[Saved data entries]
◇ ◇ ◇ ◇
(* Let $N,d\in\mathbb{N}^+$, let $\Gamma\in\mathbb{R}^{N\times N}$ be symmetric positive semidefinite, $\Sigma\in\mathbb{R}^{d\times d}$ symmetric positive semidefinite, and $\mu\in\mathbb{R}^{dN}$. Fix $t\in(0,T]$ and a vector $v_t\in\mathbb{R}^{dN}$. Let $\alpha_t=e^{-t/2}$, $\sigma_t=\sqrt{1-e^{-t}}$, and $$\nabla\log p_t(v_t)=-\big(\alpha_t^2(\Gamma\otimes\Sigma)+\sigma_t^2 I\big)^{-1}(v_t-\alpha_t\mu).$$ Given an error tolerance $\epsilon\in(0,1)$ and any integer $J<N$, define $\bar\Gamma\in\mathbb{R}^{N\times N}$ by $\bar\Gamma_{ij}=\Gamma_{ij}\,\mathbf{1}\{|i-j|<J\}$ and assume $\bar\Gamma$ is positive semidefinite. Consider the gradient descent iteration $$s^{(k+1)}=s^{(k)}-\eta_t\Big(\big(\alpha_t^2(\bar\Gamma\otimes\Sigma)+\sigma_t^2 I\big)s^{(k)}+(v_t-\alpha_t\mu)\Big),\qquad s^{(0)}=0 .$$ Then with a suitable step size $\eta_t$, after $K=O\big(\kappa_t\log(1/\epsilon)\big)$ iterations, $$\big\|s^{(K)}(v_t)-\nabla\log p_t(v_t)\big\|_2\le \frac{1}{\sigma_t^2}\|v_t-\alpha_t\mu\|_2\,\epsilon+\frac{\|\Sigma\|_{\rm F}\,\|v_t-\alpha_t\mu\|_2}{\sigma_t^4}\sqrt{\sum_{|i-j|\ge J}\Gamma_{ij}^2},$$ where $\kappa_t=\kappa\big(\alpha_t^2(\bar\Gamma\otimes\Sigma)+\sigma_t^2 I\big)$.
   Context: $\otimes$ denotes the Kronecker product and $I$ the identity of size $dN$. For a positive definite matrix $A$, $\kappa(A)=\lambda_{\max}(A)/\lambda_{\min}(A)$ is its condition number. $\|\cdot\|_{\rm F}$ is the Frobenius norm. The vector $-\big(\alpha_t^2(\Gamma\otimes\Sigma)+\sigma_t^2 I\big)^{-1}(v-\alpha_t\mu)$ is the score (gradient of the log-density) of the Gaussian distribution $N(\alpha_t\mu,\alpha_t^2\Gamma\otimes\Sigma+\sigma_t^2 I)$, which is the law at diffusion time $t$ of the Ornstein–Uhlenbeck forward process $dX_t=-\tfrac12X_tdt+dW_t$ started from $N(\mu,\Gamma\otimes\Sigma)$. *)

theory Defs
  imports "HOL-Analysis.Analysis" "Jordan_Normal_Form.Char_Poly"
    "Jordan_Normal_Form.Gauss_Jordan_Elimination"
begin

text \<open>Kronecker product A \<otimes> B of two matrices (row index i = i1 * rows B + i2).\<close>
definition kron_mat :: "real mat \<Rightarrow> real mat \<Rightarrow> real mat" where
  "kron_mat A B = mat (dim_row A * dim_row B) (dim_col A * dim_col B)
     (\<lambda>(i, j). A $$ (i div dim_row B, j div dim_col B) * B $$ (i mod dim_row B, j mod dim_col B))"

definition psd_mat :: "nat \<Rightarrow> real mat \<Rightarrow> bool" where
  "psd_mat n A \<longleftrightarrow> A \<in> carrier_mat n n \<and> transpose_mat A = A \<and>
     (\<forall>x \<in> carrier_vec n. x \<bullet> (A *\<^sub>v x) \<ge> 0)"

definition mat_inv :: "real mat \<Rightarrow> real mat" where
  "mat_inv A = the (mat_inverse A)"

definition cond_num :: "real mat \<Rightarrow> real" where
  "cond_num A = Max {l. eigenvalue A l} / Min {l. eigenvalue A l}"

definition vnorm :: "real vec \<Rightarrow> real" where
  "vnorm x = sqrt (x \<bullet> x)"

definition frob_norm :: "real mat \<Rightarrow> real" where
  "frob_norm A = sqrt (\<Sum>i<dim_row A. \<Sum>j<dim_col A. (A $$ (i, j))\<^sup>2)"

definition band_mat :: "real mat \<Rightarrow> int \<Rightarrow> real mat" where
  "band_mat G J = mat (dim_row G) (dim_col G)
     (\<lambda>(i, j). if \<bar>int i - int j\<bar> < J then G $$ (i, j) else 0)"

primrec gd_iter :: "real mat \<Rightarrow> real vec \<Rightarrow> real \<Rightarrow> nat \<Rightarrow> real vec" where
  "gd_iter A r eta 0 = 0\<^sub>v (dim_vec r)"
| "gd_iter A r eta (Suc k) = gd_iter A r eta k - eta \<cdot>\<^sub>v (A *\<^sub>v gd_iter A r eta k + r)"

end

theory Submission
  imports Defs
begin

text \<open>Both A = \<alpha>^2 (\<Gamma> \<otimes> \<Sigma>) + \<sigma>^2 I and its banded counterpart
  B = \<alpha>^2 (\<Gamma>_J \<otimes> \<Sigma>) + \<sigma>^2 I dominate \<sigma>^2 I, because Kronecker products of
  positive semidefinite matrices are positive semidefinite (write \<Sigma> as a sum of rank-one
  terms by symmetric elimination). With step size 1 / \<lambda>max(B), every gradient step
  contracts the squared distance to the solution y of B y = -r by the factor 1 - 1/\<kappa>, so
  2 \<kappa> ln(1/\<epsilon>) steps reach distance \<epsilon> |y| \<le> \<epsilon> |r| / \<sigma>^2. The score z solves
  A z = -r, hence A (y - z) = (A - B) y and
  \<sigma>^2 |y - z| \<le> |A - B|_F |y| \<le> \<alpha>^2 |\<Gamma> - \<Gamma>_J|_F |\<Sigma>|_F |r| / \<sigma>^2.\<close>

section \<open>Positive semidefinite bilinear forms\<close>

definition bilin :: "nat \<Rightarrow> (nat \<Rightarrow> nat \<Rightarrow> real) \<Rightarrow> (nat \<Rightarrow> real) \<Rightarrow> (nat \<Rightarrow> real) \<Rightarrow> real" where
  "bilin n s u v = (\<Sum>i<n. \<Sum>j<n. s i j * u i * v j)"

definition psd_form :: "nat \<Rightarrow> (nat \<Rightarrow> nat \<Rightarrow> real) \<Rightarrow> bool" where
  "psd_form n s \<longleftrightarrow> (\<forall>u. 0 \<le> bilin n s u u)"

definition sym_form :: "nat \<Rightarrow> (nat \<Rightarrow> nat \<Rightarrow> real) \<Rightarrow> bool" where
  "sym_form n s \<longleftrightarrow> (\<forall>i<n. \<forall>j<n. s i j = s j i)"

lemma bilin_add_left: "bilin n s (\<lambda>i. u i + t * w i) v = bilin n s u v + t * bilin n s w v"
  by (simp add: bilin_def algebra_simps sum.distrib sum_distrib_left)

lemma bilin_add_right: "bilin n s u (\<lambda>j. v j + t * w j) = bilin n s u v + t * bilin n s u w"
  by (simp add: bilin_def algebra_simps sum.distrib sum_distrib_left)

lemma bilin_commute:
  assumes "sym_form n s"
  shows "bilin n s u v = bilin n s v u"
proof -
  have "bilin n s u v = (\<Sum>j<n. \<Sum>i<n. s i j * u i * v j)"
    unfolding bilin_def by (rule sum.swap)
  also have "\<dots> = bilin n s v u"
    unfolding bilin_def using assms by (intro sum.cong refl) (auto simp: sym_form_def ac_simps)
  finally show ?thesis .
qed

lemma bilin_unit_left:
  assumes "p < n"
  shows "bilin n s (\<lambda>i. if i = p then 1 else 0) v = (\<Sum>j<n. s p j * v j)"
proof -
  have "bilin n s (\<lambda>i. if i = p then 1 else 0) v
      = (\<Sum>i<n. if i = p then (\<Sum>j<n. s i j * v j) else 0)"
    unfolding bilin_def by (intro sum.cong refl) auto
  then show ?thesis using assms by simp
qed

lemma quadratic_nonneg_imp_discriminant:
  fixes a b c :: real
  assumes nonneg: "\<And>t. 0 \<le> a + 2 * t * b + t\<^sup>2 * c" and "0 \<le> c"
  shows "b\<^sup>2 \<le> a * c"
proof (cases "c = 0")
  case True
  have "b = 0"
  proof (rule ccontr)
    assume "b \<noteq> 0"
    have "0 \<le> a + 2 * (- (a + 1) / (2 * b)) * b" using nonneg[of "- (a + 1) / (2 * b)"] True by simp
    also have "\<dots> = -1" using \<open>b \<noteq> 0\<close> by (simp add: field_simps)
    finally show False by simp
  qed
  then show ?thesis using True by simp
next
  case False
  then have "c > 0" using \<open>0 \<le> c\<close> by simp
  have "0 \<le> a + 2 * (- b / c) * b + (- b / c)\<^sup>2 * c" by (rule nonneg)
  also have "\<dots> = a - b\<^sup>2 / c" using \<open>c > 0\<close> by (simp add: field_simps power2_eq_square)
  finally show ?thesis using \<open>c > 0\<close> by (simp add: field_simps)
qed

lemma psd_form_diag_nonneg:
  assumes "psd_form n s" "p < n"
  shows "0 \<le> s p p"
proof -
  have "0 \<le> bilin n s (\<lambda>i. if i = p then 1 else 0) (\<lambda>i. if i = p then 1 else 0)"
    using assms(1) by (simp add: psd_form_def)
  then show ?thesis using assms(2) by (simp add: bilin_unit_left if_distrib cong: if_cong)
qed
◇ ◇ ◇ ◇
What the task requires
As listed above, the lines from the line with "2 \<kappa> ln(1/\<epsilon>)" to the line with "A z = -r, hence A (y - z) = (A - B) y and" are to be echoed exactly, with both ends included and nothing added.

Task answer
  2 \<kappa> ln(1/\<epsilon>) steps reach distance \<epsilon> |y| \<le> \<epsilon> |r| / \<sigma>^2. The score z solves
  A z = -r, hence A (y - z) = (A - B) y and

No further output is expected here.